Generate data from the database#

Note: This part could be developed further in the future if there is the need. But for now, I am designing a separate Python module for constraining my ice sheet model of use, which is tailored to this database and other parallel processing libraries. However, the Model-comparison section already give some bits of code about it.

The data_generator() function reads the query and ‘yield’ the dataframes for later use. It uses h5py to read all the data efficiently, and creates pandas dataframes, including all the variables and ages from the query. Columns for IRH DEPTH are named after the age. Basically, it reads the data with h5py as shown above and restructure it as bit, which can be easier to manage layers than with h5py dimensions. Here is a quick example of how this can be used for computing the mean layer depth:

results = db.query(age=['37600', '38000', '38100', '38200', '38500'], var='IRH_DEPTH')
lazy_dfs = db.data_generator(results)

import numpy as np
mean_depth_trs = []
min_depth = float('inf')
max_depth = float('-inf')
for df, md in lazy_dfs:
    depth_values = df[md['age']].values
    mean_depth_trs.append(np.nanmean(depth_values))
    min_depth = min(min_depth, np.nanmin(depth_values))
    max_depth = max(max_depth, np.nanmax(depth_values))


mean_depth = np.nanmean(mean_depth_trs)
std_dev = np.nanstd(mean_depth_trs, ddof=1)
print(f"The mean depth of the 38ka isochrone across East Antarctica is {round(mean_depth, 2)} m ranging from {round(min_depth, 2)} m to {round(max_depth, 2)} m.")

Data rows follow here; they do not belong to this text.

lemma component_avg_idempotent: "component_avg n E * component_avg n E = component_avg n E"
proof (rule eq_matI)
  fix i j assume "i < dim_row (component_avg n E)" "j < dim_col (component_avg n E)"
  then have i: "i < n" and j: "j < n" by auto
  have col: "col (component_avg n E) j \<in> carrier_vec n" by (simp add: carrier_dim_vec)
  have const: "col (component_avg n E) j $ k = col (component_avg n E) j $ i"
    if "i < n" "k < n" "reach E i k" for i k
  proof -
    have "reach E k j \<longleftrightarrow> reach E i j" using reach_left_cong[OF that(3)] by simp
    then show ?thesis using that j component_eq[OF that(3)] by (simp add: component_avg_index)
  qed
  have "component_avg n E *\<^sub>v col (component_avg n E) j = col (component_avg n E) j"
    by (rule component_avg_mult_component_constant[OF col const])
  then have "(component_avg n E *\<^sub>v col (component_avg n E) j) $ i = col (component_avg n E) j $ i"
    by simp
  then show "(component_avg n E * component_avg n E) $$ (i, j) = component_avg n E $$ (i, j)"
    using i j by simp
qed auto

lemma bvec_carrier [simp]: "bvec n u v \<in> carrier_vec n"
  by (simp add: bvec_def chi_def)

lemma scalar_prod_bvec:
  assumes u: "u < n" and v: "v < n" and x: "x \<in> carrier_vec n"
  shows "bvec n u v \<bullet> x = x $ u - x $ v"
proof -
  have "bvec n u v \<bullet> x = (\<Sum>k<n. (if k = u then x $ k else 0) - (if k = v then x $ k else 0))"
    unfolding scalar_prod_def using x by (intro sum.cong) (auto simp: bvec_def chi_def)
  also have "\<dots> = x $ u - x $ v" using u v by (simp add: sum_subtractf sum.delta)
  finally show ?thesis .
qed

lemma component_avg_bvec:
  assumes u: "u < n" and v: "v < n" and uv: "reach E u v"
  shows "component_avg n E *\<^sub>v bvec n u v = 0\<^sub>v n"
proof (rule eq_vecI)
  fix i assume "i < dim_vec (0\<^sub>v n :: real vec)"
  then have i: "i < n" by simp
  let ?C = "component n E i"
  have "(\<Sum>k\<in>?C. bvec n u v $ k) = (\<Sum>k\<in>?C. (if k = u then 1 else 0) - (if k = v then 1 else 0))"
    using component_subset[of n E i] by (intro sum.cong refl) (auto simp: bvec_def chi_def)
  also have "\<dots> = (if u \<in> ?C then 1 else 0) - (if v \<in> ?C then 1 else 0)"
    using finite_subset[OF component_subset] by (simp add: sum_subtractf sum.delta)
  also have "\<dots> = 0"
  proof -
    have "reach E i u \<longleftrightarrow> reach E i v" by (rule reach_right_cong[OF uv])
    then show ?thesis using u v by (simp add: component_def)
  qed
  finally show "(component_avg n E *\<^sub>v bvec n u v) $ i = 0\<^sub>v n $ i"
    unfolding component_avg_mult_vec_index[OF bvec_carrier i] using i by simp
qed (simp add: component_avg_def)

context
  fixes n :: nat and E :: "nat set set" and w :: "nat set \<Rightarrow> real"
  assumes E: "simple_graph n E" and w: "\<And>e. e \<in> E \<Longrightarrow> 0 < w e"
begin

lemma laplacian_psd: "x \<in> carrier_vec n \<Longrightarrow> 0 \<le> x \<bullet> (laplacian n E w *\<^sub>v x)"
  by (rule laplacian_quad_form_nonneg[OF E]) (simp_all add: w less_imp_le)
(* Let $d\in\mathbb{N}_{+}$, $\omega\in\mathbb{R}^d$, $\rho>0$, $m>d+5$, $\beta>0$ with $1/\sqrt\beta\notin\mathbb{Z}$, and $f\in\mathcal{H}^{\rho,m}(\mathbb{T}^{d+1})$. Let $\Omega=\Omega(\sigma,\mu)$ with $\mu$ sufficiently large and $\sigma$ sufficiently small. For $\varepsilon\in\Omega$ let $\mathcal{N}_\varepsilon=\varepsilon(\omega\cdot\partial_\theta)^2+(\omega\cdot\partial_\theta)-\varepsilon\beta\partial_x^4-\varepsilon\partial_x^2$ and $\mathcal{T}_\varepsilon(U)=\varepsilon\mathcal{N}_\varepsilon^{-1}[(U^2)_{xx}+f]$. Then $\mathcal{T}$, defined by $\mathcal{T}(U)_\varepsilon=\mathcal{T}_\varepsilon(U_\varepsilon)$, maps $\mathcal{H}^{\rho,m,\Omega}$ into itself. Precisely, if $\varepsilon\mapsto U_\varepsilon$, $\Omega\to\mathcal{H}^{\rho,m}$, is complex differentiable, then $\varepsilon\mapsto\mathcal{T}_\varepsilon(U_\varepsilon)$, $\Omega\to\mathcal{H}^{\rho,m}$, is also complex differentiable.
   Context: $\Omega(\sigma,\mu)=\{\varepsilon\in\mathbb{C}:\ \mathrm{Re}\,\varepsilon\ge\mu|\mathrm{Im}\,\varepsilon|,\ \sigma\le|\varepsilon|\le2\sigma\}$. $\mathcal{H}^{\rho,m}$ is the space of analytic $U(\theta,x)=\sum_{k\in\mathbb{Z}^d,j\in\mathbb{Z}}\widehat U_{k,j}e^{\mathrm{i}(k\cdot\theta+jx)}$ on the complex strip of width $\rho$ around $\mathbb{T}^{d+1}$, with $\int_0^{2\pi}U\,dx=0$ (so $\widehat U_{k,0}=0$) and $\|U\|_{\rho,m}^2=\sum|\widehat U_{k,j}|^2e^{2\rho(|k|+|j|)}(|k|^2+|j|^2+1)^m<\infty$. $\mathcal{N}_\varepsilon$ is the Fourier multiplier with symbol $-\varepsilon(k\cdot\omega)^2+\mathrm{i}(k\cdot\omega)-\varepsilon(\beta j^4-j^2)$. $\mathcal{H}^{\rho,m,\Omega}$ is the Banach space of bounded analytic maps $\Omega\to\mathcal{H}^{\rho,m}$ with the supremum norm. *)

theory Defs
  imports "HOL-Analysis.Analysis"
begin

The mean depth of the 38ka isochrone across East Antarctica is 1094.54 m ranging from 210.9 m to 2352.19 m.

Note that the data_generator returns a simple pandas DataFrame for each flight line, containing all queried variables and ages (if exist). The IRH depth of each layer is stored by columns named by age (so the IRH_DEPTH of the layer 38000 is df[‘38000’]). As shown above, one can use the metadata (md) of the current dataframe (df) to get its age (md[‘age’]). Furthermore, if one needs the fraction depth, one can compute it using the ICE_THK (has to be included in the query), or the data_generator has this option: db.data_generator(results, fraction_depth=True). With this option, the layer columns will now be IRH fraction depth instead of absolute IRH_DEPTH.

Pro tips#

The Database methods always keep the last query in memory. This means that one does not have to actually pass argument. Example:

db.query(var='IRH_NUM')
# db.plot.var() # This is equivalent to the overview plot above. Note that without downscaling it is very heavy to plot.

import numpy as np
mean_density_trs = []
min_density = float('inf')
max_density = float('-inf')
for df, md in db.data_generator():    # without explicitly passing results, it uses the last query.
    density_values = df['IRH_NUM']
    mean_density_trs.append(np.mean(density_values))
    min_density = min(min_density, min(density_values))
    max_density = max(max_density, max(density_values))

mean_density = np.mean(mean_density_trs)
print(f"The average number of picked layers per data point in the AntADatabase is {int(mean_density)}, ranging from {int(min_density)} to {int(max_density)}. ")

The average number of picked layers per data point in the AntADatabase is 7, ranging from 1 to 26.